CVE-2023-6378 - Denial of Service (DoS)
Severity: None2024-01-19
Abstract
A serialization vulnerability in logback receiver component part of logback version 1.4.11 allows an attacker to mount a Denial-Of-Service attack by sending poisoned data.
The Oxygen products incorporate logback as a third-party libraries. This advisory was opened to address the potential impact of this third-party libraries vulnerability.
Affected Products/Versions
| Product | Severity | Fixed Release Availability |
| Oxygen XML Author v26.0 | None | Oxygen XML Author 26.1 build 2024031806 |
| Oxygen XML Developer v26.0 | None | Oxygen XML Developer 26.1 build 2024031806 |
| Oxygen XML Editor v26.0 | None | Oxygen XML Editor 26.1 build 2024031806 |
| Oxygen JSON Editor v26.0 | None | Oxygen XML Editor 26.1 build 2024031806 |
| Oxygen Content Fusion v6.0 and older | None | N/A |
| Oxygen XML Web Author v26.0.0 and older | None | Oxygen Web Author 26.1.0 build 2024032115 |
| Oxygen Feedback v4.0 and older | None | Oxygen Feedback 4.1 build 2024013118 |
| Oxygen PDF Chemistry v26.0 and older | None | Oxygen PDF Chemistry 26.1 build 2024031515 |
| Oxygen Publishing Engine v26.0 and older | None | Oxygen Publishing Engine 26.1 build 2024031515 |
| Oxygen License Server v26.0 and older | None | Oxygen License Server v26.1 build 2024031513 |
Detail
CVE-2023-6378
Severity: High
CVSS Score: 7.5
The logback third-party libraries used by Oxygen XML products are an affected version mentioned in CVE-2023-6378 vulnerability description. However, Oxygen XML products do not use receiver component part of logback. For that reason, Oxygen XML products are not affected by this vulnerability.
Revision History
2024-03-29 Starting with Oxygen XML Author version 26.1 build 2024031806, the logback was updated to a new version which includes a fix for CVE-2023-6378.
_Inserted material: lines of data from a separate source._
lemma annulus_layer_step:
  fixes \<nu> :: "'a::polish_space measure"
  assumes "finite_measure \<nu>" "sets \<nu> = sets borel" "\<Omega> \<in> sets borel" "\<Gamma> \<in> sets borel" "L \<in> sets borel"
    and "\<Omega>' \<in> sets borel" "\<Omega>' \<subseteq> \<Omega>" "measure \<nu> (\<Omega> - \<Omega>') = 0" "\<Gamma> \<subseteq> L"
    and "\<And>y. y \<in> \<Omega>' \<Longrightarrow> measure \<nu> (annulus y \<delta> \<epsilon> - (\<Omega> \<union> \<Gamma>)) = 0"
    and "\<And>y. y \<in> \<Omega> \<Longrightarrow> 2 * c \<le> measure \<nu> (annulus y \<delta> \<epsilon>)"
    and "\<theta> \<le> c" "annulus_expansion \<nu> \<Omega> \<delta> \<epsilon> c \<theta>"
  defines "T \<equiv> heavy_points \<nu> \<delta> \<epsilon> \<theta> \<Omega>' L"
  shows "\<Omega>' - L \<subseteq> T \<or> \<theta> + measure \<nu> (\<Omega>' - (L \<union> T)) \<le> measure \<nu> (\<Omega>' - L)"
proof -
  interpret finite_measure \<nu>
    by fact
  define S where "S = \<Omega>' - L"
  have S: "S \<in> sets borel" "S \<subseteq> \<Omega>"
    using assms(5-7) by (auto simp: S_def)
  have outside: "measure \<nu> (annulus y \<delta> \<epsilon> - S) \<le> measure \<nu> (annulus y \<delta> \<epsilon> \<inter> L)" if "y \<in> \<Omega>'" for y
    unfolding S_def using assms(1-9) assms(10)[OF that] by (rule measure_annulus_Diff_le_layer)
  show ?thesis
  proof (cases "measure \<nu> S < c")
    case True
    have "y \<in> T" if "y \<in> S" for y
    proof -
      have "measure \<nu> (annulus y \<delta> \<epsilon>) = measure \<nu> (annulus y \<delta> \<epsilon> \<inter> S) + measure \<nu> (annulus y \<delta> \<epsilon> - S)"
        using S(1) assms(2) finite_measure_Diff'[of "annulus y \<delta> \<epsilon>" S] by simp
      moreover have "measure \<nu> (annulus y \<delta> \<epsilon> \<inter> S) \<le> measure \<nu> S"
        using S(1) assms(2) by (intro finite_measure_mono) auto
      ultimately show ?thesis
        using that True S(2) assms(11,12) outside[of y] by (force simp: T_def S_def heavy_points_def)
    qed
    then show ?thesis
      by (auto simp: S_def)
  next
    case False
    then obtain Y where Y: "Y \<in> sets borel" "Y \<subseteq> S" "\<theta> \<le> measure \<nu> Y"
      "\<And>y. y \<in> Y \<Longrightarrow> \<theta> \<le> measure \<nu> (annulus y \<delta> \<epsilon> - S)"
      using assms(13) S unfolding annulus_expansion_def by (meson not_less)
    have "Y \<subseteq> T"
      using Y(2,4) outside by (force simp: T_def S_def heavy_points_def)
    then have "measure \<nu> (\<Omega>' - (L \<union> T)) \<le> measure \<nu> (S - Y)"
      using S(1) Y(1) assms(2) by (intro finite_measure_mono) (auto simp: S_def)
    also have "\<dots> = measure \<nu> S - measure \<nu> Y"
      using S(1) Y(1,2) assms(2) by (intro finite_measure_Diff) auto
    finally show ?thesis
      using Y(3) by (simp add: S_def)
  qed
qed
2024-03-29 Starting with Oxygen XML Developer version 26.1 build 2024031806, the logback was updated to a new version which includes a fix for CVE-2023-6378.
2024-03-29 Starting with Oxygen XML Editor version 26.1 build 2024031806, the logback was updated to a new version which includes a fix for CVE-2023-6378.
2024-03-29 Starting with Oxygen JSON Editor version 26.1 build 2024031806, the logback was updated to a new version which includes a fix for CVE-2023-6378.
2024-03-29 Starting with Oxygen XML Web Author version 26.1.0 build 2024032115, the logback was updated to a new version which includes a fix for CVE-2023-6378.
2024-03-29 Starting with Oxygen PDF Chemistry version 26.1 build 2024031515, the logback was updated to a new version which includes a fix for CVE-2023-6378.
2024-03-29 Starting with Oxygen Publishing Engine version 26.1 build 2024031515, the logback was updated to a new version which includes a fix for CVE-2023-6378.
2024-03-29 Starting with Oxygen License Server version 26.1 build 2024031513, the logback was updated to a new version which includes a fix for CVE-2023-6378.